Example setup of two containers in docker-compose.yml:

aiserver-llm-server:
  container_name: aiserver-llm-server
  image: aiserver-llm-server:latest
  restart: always
  env_file:
    - .env
  ports:
    - 3003:8000
  environment:
    LLM_CUDA_VISIBLE_DEVICES: 0  # GPU 0
  deploy:
    resources:
      reservations:
        devices:
          - driver: nvidia
            count: all
            capabilities: [ gpu ]
  volumes:
    - "./llm-server/models:/model-store"
  networks:
    - llm-net

aiserver-llm-server2:
  container_name: aiserver-llm-server2
  image: aiserver-llm-server:latest
  restart: always
  ports:
    - 3006:8000
  environment:
    LLM_COMPLETION_MODEL_NAME: "/model-store/Qwen3-30B-A3B-AWQ"
    LLM_CUDA_VISIBLE_DEVICES: 1  # GPU 1
    LLM_TENSOR_PARALLEL_SIZE: "1"
    LLM_MAX_MODEL_LEN: "16000"
    LLM_GPU_MEMORY_UTILIZATION: "0.85"
  deploy:
    resources:
      reservations:
        devices:
          - driver: nvidia
            count: all
            capabilities: [ gpu ]
  volumes:
    - "./llm-server/models:/model-store"
  networks:
    - llm-net

Additional Settings#

Using Different Models#

You can run different models in each container:

# First container - chat model
LLM_COMPLETION_MODEL_NAME: "/model-store/Llama-3-8B"

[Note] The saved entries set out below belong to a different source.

(* Assume (H1), (H2) and (H3) from the context hold. Then $\mathcal{T}:\mathcal{A}\to\mathcal{E}_\varrho$ is continuous with respect to the weighted norm $\|\cdot\|_\varrho$.
   Context: Let $N\ge1$ and $D=\mathrm{diag}(d_1,\dots,d_N)$ with $d_i>0$. Vector inequalities are componentwise; $u\gg0$ means all components positive; $[0,r]=\{u:0\le u\le r\}$; $\mathcal{C}_r$ is the set of continuous $\mathbb{R}\to[0,r]$ maps. (H1) - $k^+\gg0$; $f:[0,k^+]\to\mathbb{R}^N$ is continuous and piecewise twice continuously differentiable; solutions of $u_t=Du_{xx}+f(u)$ with data in $\mathcal{C}_{k^+}$ exist globally in $\mathcal{C}_{k^+}$. - $0\ll k^-\le k\le k^+$; continuous piecewise $C^2$ maps $f^\pm:[0,k^\pm]\to\mathbb{R}^N$ satisfy $f^-\le f\le f^+$ on $[0,k^+]$. - $f(0)=f(k)=0$, $f^\pm(0)=f^\pm(k^\pm)=0$, with no other positive equilibria between $0$ and $k$, respectively $k^\pm$. - $f^\pm$ are cooperative on $[0,k^\pm]$ and share with $f$ the Jacobian $f'(0)$ at $0$. (H2) - $A_\lambda=(a^{ij}_\lambda)=\mathrm{diag}(d_i\lambda^2)+f'(0)$ is block lower triangular for $\lambda>0$, with irreducible or $1\times1$ zero diagonal blocks. - Its first block has positive principal eigenvalue $\Psi(A_\lambda)$ (where $\Psi(A)=\rho(A+\alpha I)-\alpha$), strictly larger than those of the other blocks. - An eigenvector $\nu_\lambda=(\nu^i_\lambda)\gg0$ for $\Psi(A_\lambda)$ exists and is continuous in $\lambda$. Speeds. $\Phi(\lambda)=\Psi(A_\lambda)/\lambda$ and $c^*=\inf_{\lambda>0}\Phi$. (H3) $f^\pm(\alpha\nu_\lambda)\le\alpha f'(0)\nu_\lambda$ for all $\alpha,\lambda>0$. Setup. Fix $c>c^*$, and let $\Lambda_c$ be the smallest positive solution of $\Phi(\lambda)=c$. The operator $\mathcal{T}$. $\beta>\max\{|\partial_if_j(u)|:u\in[0,k^+]\}$ is a fixed, sufficiently large constant. Set $\lambda_{1i}=\frac{-c+\sqrt{c^2+4\beta d_i}}{2d_i}$ and $\lambda_{2i}=\frac{c+\sqrt{c^2+4\beta d_i}}{2d_i}$, with $\lambda_{2i}>\lambda_{1i}>2\Lambda_c$. Let $H_i(u)=\beta u_i+f_i(u)$ and $$\mathcal{T}_i[u](\xi)=\frac{1}{d_i(\lambda_{1i}+\lambda_{2i})}\Big(\int_{-\infty}^{\xi}e^{-\lambda_{1i}(\xi-s)}H_i(u(s))ds+\int_{\xi}^{\infty}e^{\lambda_{2i}(\xi-s)}H_i(u(s))ds\Big).$$ The functions $\phi^\pm$. $\phi^+_i(\xi)=\min\{k_i,\nu^i_{\Lambda_c}e^{\Lambda_c\xi}\}$ and $\phi^-_i(\xi)=\max\{0,\nu^i_{\Lambda_c}e^{\Lambda_c\xi}-q\nu^i_{\gamma\Lambda_c}e^{\gamma\Lambda_c\xi}\}$, with fixed $\gamma\in(1,2)$ and $q>1$ large enough that $\phi^-<\phi^+$. The space $\mathcal{A}$. Fix $0<\varrho<\Lambda_c$. $\mathcal{E}_\varrho$ is the Banach space of continuous $u:\mathbb{R}\to\mathbb{R}^N$ with $\|u\|_\varrho=\sum_i\sup_\xi|u_i(\xi)|e^{-\varrho\xi}<\infty$, and $\mathcal{A}=\{u\in\mathcal{E}_\varrho:\phi^-\le u\le\phi^+\}$. *)

theory Defs
  imports "HOL-Analysis.Analysis"
begin

text \<open>Vectors in R^N are modelled as real^'n with 'n a finite (linearly ordered) index type;
  the order on real^'n is the library's componentwise order.  Matrices are real^'n^'n.\<close>

definition vpos :: "real^'n \<Rightarrow> bool" where
  "vpos u \<longleftrightarrow> (\<forall>i. u $ i > 0)"

definition diagv :: "real^'n \<Rightarrow> real^'n \<Rightarrow> real^'n" where
  "diagv d v = (\<chi> i. d $ i * v $ i)"

definition C2 :: "(real^'n \<Rightarrow> real^'n) \<Rightarrow> bool" where
  "C2 g \<longleftrightarrow> (\<exists>g' g''. (\<forall>x. (g has_derivative blinfun_apply (g' x)) (at x)) \<and>
                     (\<forall>x. (g' has_derivative blinfun_apply (g'' x)) (at x)) \<and>
                     continuous_on UNIV g'')"

definition piecewise_C2_on :: "(real^'n) set \<Rightarrow> (real^'n \<Rightarrow> real^'n) \<Rightarrow> bool" where
  "piecewise_C2_on S f \<longleftrightarrow>
     (\<exists>P. finite P \<and> \<Union>P = S \<and> (\<forall>p\<in>P. closed p \<and> (\<exists>g. C2 g \<and> (\<forall>x\<in>p. f x = g x))))"

definition pd_in :: "(real^'n \<Rightarrow> real^'n) \<Rightarrow> (real^'n) set \<Rightarrow> real^'n \<Rightarrow> 'n \<Rightarrow> 'n \<Rightarrow> real \<Rightarrow> bool" where
  "pd_in f S u i j D \<longleftrightarrow>
     ((\<lambda>t. f (u + t *\<^sub>R axis i 1) $ j) has_real_derivative D)
        (at 0 within {t. u + t *\<^sub>R axis i 1 \<in> S})"

definition cooperative_on :: "(real^'n) set \<Rightarrow> (real^'n \<Rightarrow> real^'n) \<Rightarrow> bool" where
  "cooperative_on S f \<longleftrightarrow> (\<forall>u\<in>S. \<forall>i j D. i \<noteq> j \<longrightarrow> pd_in f S u j i D \<longrightarrow> D \<ge> 0)"

definition rd_solution ::
  "real^'n \<Rightarrow> (real^'n \<Rightarrow> real^'n) \<Rightarrow> (real \<Rightarrow> real^'n) \<Rightarrow> (real \<Rightarrow> real \<Rightarrow> real^'n) \<Rightarrow> bool" where
  "rd_solution d f u0 u \<longleftrightarrow>
     (\<forall>x. u 0 x = u0 x) \<and>
     continuous_on ({0..} \<times> UNIV) (\<lambda>(t, x). u t x) \<and>
     (\<forall>t>0. \<forall>x. \<exists>ut ux uxx.
        ((\<lambda>s. u s x) has_vector_derivative ut) (at t) \<and>
        (\<forall>y. (u t has_vector_derivative ux y) (at y)) \<and>
        (ux has_vector_derivative uxx) (at x) \<and>
        ut = diagv d uxx + f (u t x))"

definition global_existence :: "real^'n \<Rightarrow> (real^'n \<Rightarrow> real^'n) \<Rightarrow> real^'n \<Rightarrow> bool" where
  "global_existence d f kp \<longleftrightarrow>
     (\<forall>u0. continuous_on UNIV u0 \<and> (\<forall>x. u0 x \<in> {0..kp}) \<longrightarrow>
        (\<exists>u. rd_solution d f u0 u \<and> (\<forall>t\<ge>0. \<forall>x. u t x \<in> {0..kp})))"

definition cspec :: "real^'n^'n \<Rightarrow> complex set" where
  "cspec A = {z. det (mat z - (\<chi> i j. complex_of_real (A $ i $ j))) = 0}"

definition srad :: "real^'n^'n \<Rightarrow> real" where
  "srad A = Max (cmod ` cspec A)"

text \<open>Psi(A) = rho(A + alpha I) - alpha, with alpha large (here alpha = sum of |a_ii|, which makes
  A + alpha I nonnegative for the essentially nonnegative matrices considered).\<close>
definition Psi :: "real^'n^'n \<Rightarrow> real" where
  "Psi A = (let \<alpha> = (\<Sum>i\<in>UNIV. \<bar>A $ i $ i\<bar>) in srad (A + \<alpha> *\<^sub>R mat 1) - \<alpha>)"

definition Psi_block :: "'n set \<Rightarrow> real^'n^'n \<Rightarrow> real" where
  "Psi_block B A = (let \<alpha> = (\<Sum>i\<in>B. \<bar>A $ i $ i\<bar>) in
      srad (\<chi> i j. if i \<in> B \<and> j \<in> B then A $ i $ j + (if i = j then \<alpha> else 0) else 0) - \<alpha>)"

definition irreducible_block :: "'n set \<Rightarrow> real^'n^'n \<Rightarrow> bool" where
  "irreducible_block B A \<longleftrightarrow>
     (\<forall>S. S \<subset> B \<and> S \<noteq> {} \<longrightarrow> (\<exists>i\<in>S. \<exists>j\<in>B - S. A $ i $ j \<noteq> 0))"

definition A_lam :: "real^'n \<Rightarrow> real^'n^'n \<Rightarrow> real \<Rightarrow> real^'n^'n" where
  "A_lam d J lam = (\<chi> i j. (if i = j then d $ i * lam\<^sup>2 else 0) + J $ i $ j)"

definition Phi :: "real^'n \<Rightarrow> real^'n^'n \<Rightarrow> real \<Rightarrow> real" where
  "Phi d J lam = Psi (A_lam d J lam) / lam"

definition cstar :: "real^'n \<Rightarrow> real^'n^'n \<Rightarrow> real" where
  "cstar d J = Inf (Phi d J ` {0<..})"

definition H1 :: "real^'n \<Rightarrow> (real^'n \<Rightarrow> real^'n) \<Rightarrow> (real^'n \<Rightarrow> real^'n) \<Rightarrow> (real^'n \<Rightarrow> real^'n)
    \<Rightarrow> real^'n \<Rightarrow> real^'n \<Rightarrow> real^'n \<Rightarrow> real^'n^'n \<Rightarrow> bool" where
  "H1 d f fm fp k km kp J \<longleftrightarrow>
     vpos kp \<and>
     continuous_on {0..kp} f \<and> piecewise_C2_on {0..kp} f \<and>
     global_existence d f kp \<and>
     vpos km \<and> km \<le> k \<and> k \<le> kp \<and>
     continuous_on {0..km} fm \<and> piecewise_C2_on {0..km} fm \<and>
     continuous_on {0..kp} fp \<and> piecewise_C2_on {0..kp} fp \<and>
     (\<forall>u\<in>{0..km}. fm u \<le> f u) \<and> (\<forall>u\<in>{0..kp}. f u \<le> fp u) \<and>
     f 0 = 0 \<and> f k = 0 \<and> fm 0 = 0 \<and> fm km = 0 \<and> fp 0 = 0 \<and> fp kp = 0 \<and>
     (\<forall>u\<in>{0..k}. vpos u \<and> f u = 0 \<longrightarrow> u = k) \<and>
     (\<forall>u\<in>{0..km}. vpos u \<and> fm u = 0 \<longrightarrow> u = km) \<and>
     (\<forall>u\<in>{0..kp}. vpos u \<and> fp u = 0 \<longrightarrow> u = kp) \<and>
     cooperative_on {0..km} fm \<and> cooperative_on {0..kp} fp \<and>
     (f has_derivative (\<lambda>h. J *v h)) (at 0 within {0..kp}) \<and>
     (fm has_derivative (\<lambda>h. J *v h)) (at 0 within {0..km}) \<and>
     (fp has_derivative (\<lambda>h. J *v h)) (at 0 within {0..kp})"

text \<open>(H2): blocks are given by a monotone block-index map b onto {..<m} (block r = b^-1 {r}),
  following the linear order of the index type.\<close>
definition H2 :: "real^('n::{finite,linorder}) \<Rightarrow> real^('n::{finite,linorder})^('n::{finite,linorder})
    \<Rightarrow> ('n::{finite,linorder} \<Rightarrow> nat) \<Rightarrow> nat
    \<Rightarrow> (real \<Rightarrow> real^('n::{finite,linorder})) \<Rightarrow> bool" where
  "H2 d J b m \<nu> \<longleftrightarrow>
     mono b \<and> b ` UNIV = {..<m} \<and>
     (\<forall>lam>0.
        (\<forall>i j. b i < b j \<longrightarrow> A_lam d J lam $ i $ j = 0) \<and>
        (\<forall>r<m. irreducible_block {i. b i = r} (A_lam d J lam) \<or>
               (card {i. b i = r} = 1 \<and> (\<forall>i. b i = r \<longrightarrow> A_lam d J lam $ i $ i = 0))) \<and>
        Psi_block {i. b i = 0} (A_lam d J lam) = Psi (A_lam d J lam) \<and>
        Psi (A_lam d J lam) > 0 \<and>
        (\<forall>r. 0 < r \<and> r < m \<longrightarrow> Psi_block {i. b i = r} (A_lam d J lam) < Psi (A_lam d J lam)) \<and>
        vpos (\<nu> lam) \<and> A_lam d J lam *v \<nu> lam = Psi (A_lam d J lam) *\<^sub>R \<nu> lam) \<and>
     continuous_on {0<..} \<nu>"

# Second container - code model
LLM_COMPLETION_MODEL_NAME: "/model-store/Qwen3-30B-A3B-AWQ"

Memory Configuration#

If you have GPUs with different memory sizes, configure memory usage for each container:

# For GPU with less memory
LLM_GPU_MEMORY_UTILIZATION: "0.7"

# For GPU with more memory
LLM_GPU_MEMORY_UTILIZATION: "0.9"

Monitoring#

To monitor the operation of both containers:

# Status of containers
docker compose -f docker-compose.yml ps

# Resource usage
docker stats aiserver-llm-server aiserver-llm-server2

# GPU usage
watch -n 1 nvidia-smi

Expected Result: Both containers should operate stably, using different GPUs.